***** Records provided
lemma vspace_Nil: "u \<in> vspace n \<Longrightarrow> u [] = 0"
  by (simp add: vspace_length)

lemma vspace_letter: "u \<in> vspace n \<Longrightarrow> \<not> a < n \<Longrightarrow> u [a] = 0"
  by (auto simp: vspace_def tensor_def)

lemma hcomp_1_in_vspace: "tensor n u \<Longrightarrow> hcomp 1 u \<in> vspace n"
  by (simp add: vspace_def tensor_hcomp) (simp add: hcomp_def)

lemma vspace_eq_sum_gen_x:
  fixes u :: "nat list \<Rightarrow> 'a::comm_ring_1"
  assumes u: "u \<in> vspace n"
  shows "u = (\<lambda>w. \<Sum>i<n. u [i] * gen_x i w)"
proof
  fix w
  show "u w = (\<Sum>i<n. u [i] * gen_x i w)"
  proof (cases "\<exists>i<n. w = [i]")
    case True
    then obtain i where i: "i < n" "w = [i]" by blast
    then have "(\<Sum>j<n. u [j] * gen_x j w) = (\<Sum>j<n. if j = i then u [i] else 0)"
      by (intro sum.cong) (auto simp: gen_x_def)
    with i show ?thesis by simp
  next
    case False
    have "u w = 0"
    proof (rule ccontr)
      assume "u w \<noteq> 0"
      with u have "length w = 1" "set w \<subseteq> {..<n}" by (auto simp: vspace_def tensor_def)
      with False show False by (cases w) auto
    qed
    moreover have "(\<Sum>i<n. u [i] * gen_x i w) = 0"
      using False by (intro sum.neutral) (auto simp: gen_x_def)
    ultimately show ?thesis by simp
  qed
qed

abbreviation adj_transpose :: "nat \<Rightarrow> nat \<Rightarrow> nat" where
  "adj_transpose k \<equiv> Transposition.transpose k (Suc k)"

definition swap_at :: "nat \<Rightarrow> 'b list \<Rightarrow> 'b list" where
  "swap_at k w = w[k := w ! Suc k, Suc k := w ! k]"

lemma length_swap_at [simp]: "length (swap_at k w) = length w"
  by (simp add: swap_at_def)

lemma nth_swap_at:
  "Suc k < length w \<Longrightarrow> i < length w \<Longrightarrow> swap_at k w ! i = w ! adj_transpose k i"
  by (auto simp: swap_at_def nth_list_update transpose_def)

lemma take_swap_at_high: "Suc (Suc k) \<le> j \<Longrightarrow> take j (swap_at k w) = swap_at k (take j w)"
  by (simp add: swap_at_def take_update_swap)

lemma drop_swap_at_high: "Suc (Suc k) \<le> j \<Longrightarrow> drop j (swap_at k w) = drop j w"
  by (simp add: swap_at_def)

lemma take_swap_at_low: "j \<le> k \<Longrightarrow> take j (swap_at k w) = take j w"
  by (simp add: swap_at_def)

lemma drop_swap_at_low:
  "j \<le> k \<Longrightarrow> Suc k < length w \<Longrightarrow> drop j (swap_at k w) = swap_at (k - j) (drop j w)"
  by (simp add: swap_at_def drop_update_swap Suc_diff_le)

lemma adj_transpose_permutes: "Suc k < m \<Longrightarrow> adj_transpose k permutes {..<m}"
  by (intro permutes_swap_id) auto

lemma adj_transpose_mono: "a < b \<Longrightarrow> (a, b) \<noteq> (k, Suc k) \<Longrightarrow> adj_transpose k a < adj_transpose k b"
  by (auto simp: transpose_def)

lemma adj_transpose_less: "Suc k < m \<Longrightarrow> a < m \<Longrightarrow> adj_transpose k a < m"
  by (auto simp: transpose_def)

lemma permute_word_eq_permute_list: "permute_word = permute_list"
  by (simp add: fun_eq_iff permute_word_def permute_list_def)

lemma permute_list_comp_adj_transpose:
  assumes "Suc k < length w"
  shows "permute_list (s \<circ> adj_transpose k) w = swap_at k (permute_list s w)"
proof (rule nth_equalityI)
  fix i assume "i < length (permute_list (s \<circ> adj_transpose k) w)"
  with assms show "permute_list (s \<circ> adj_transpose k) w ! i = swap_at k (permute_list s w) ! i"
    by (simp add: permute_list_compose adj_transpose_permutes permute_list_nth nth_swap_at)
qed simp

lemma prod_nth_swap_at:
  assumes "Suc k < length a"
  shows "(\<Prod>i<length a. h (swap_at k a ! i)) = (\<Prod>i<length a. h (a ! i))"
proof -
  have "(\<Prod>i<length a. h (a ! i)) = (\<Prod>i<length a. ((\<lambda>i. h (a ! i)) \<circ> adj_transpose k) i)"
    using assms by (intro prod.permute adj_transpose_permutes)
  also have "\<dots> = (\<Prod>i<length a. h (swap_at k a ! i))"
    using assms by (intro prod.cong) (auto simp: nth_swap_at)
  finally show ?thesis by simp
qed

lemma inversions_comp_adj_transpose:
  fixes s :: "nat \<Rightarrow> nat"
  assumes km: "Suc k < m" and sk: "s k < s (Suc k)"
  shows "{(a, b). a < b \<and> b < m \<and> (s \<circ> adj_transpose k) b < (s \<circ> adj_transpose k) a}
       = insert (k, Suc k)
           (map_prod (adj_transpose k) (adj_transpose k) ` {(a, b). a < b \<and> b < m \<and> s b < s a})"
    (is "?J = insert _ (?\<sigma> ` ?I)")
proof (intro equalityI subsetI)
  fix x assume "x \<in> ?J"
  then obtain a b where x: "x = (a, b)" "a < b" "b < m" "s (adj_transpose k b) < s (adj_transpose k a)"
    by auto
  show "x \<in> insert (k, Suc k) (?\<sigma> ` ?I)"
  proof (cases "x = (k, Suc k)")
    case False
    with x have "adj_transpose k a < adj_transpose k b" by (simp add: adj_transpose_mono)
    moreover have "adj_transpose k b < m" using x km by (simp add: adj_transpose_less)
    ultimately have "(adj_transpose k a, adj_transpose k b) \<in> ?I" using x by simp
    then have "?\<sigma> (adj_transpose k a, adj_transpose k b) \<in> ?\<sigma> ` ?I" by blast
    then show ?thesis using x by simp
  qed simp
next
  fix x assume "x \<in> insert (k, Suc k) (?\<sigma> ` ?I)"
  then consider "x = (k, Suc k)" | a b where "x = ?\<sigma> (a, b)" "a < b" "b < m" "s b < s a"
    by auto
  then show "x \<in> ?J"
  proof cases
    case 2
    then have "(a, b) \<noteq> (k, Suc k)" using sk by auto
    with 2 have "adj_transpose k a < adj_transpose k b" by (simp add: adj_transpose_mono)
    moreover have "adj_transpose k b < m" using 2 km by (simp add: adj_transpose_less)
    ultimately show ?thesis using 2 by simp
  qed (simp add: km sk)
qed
**********
▶ **Your instructions**
Check each line of the data above for the string "rule", and copy the ones that have it.

▶ **Solution to this exercise**
    proof (rule ccontr)
proof (rule nth_equalityI)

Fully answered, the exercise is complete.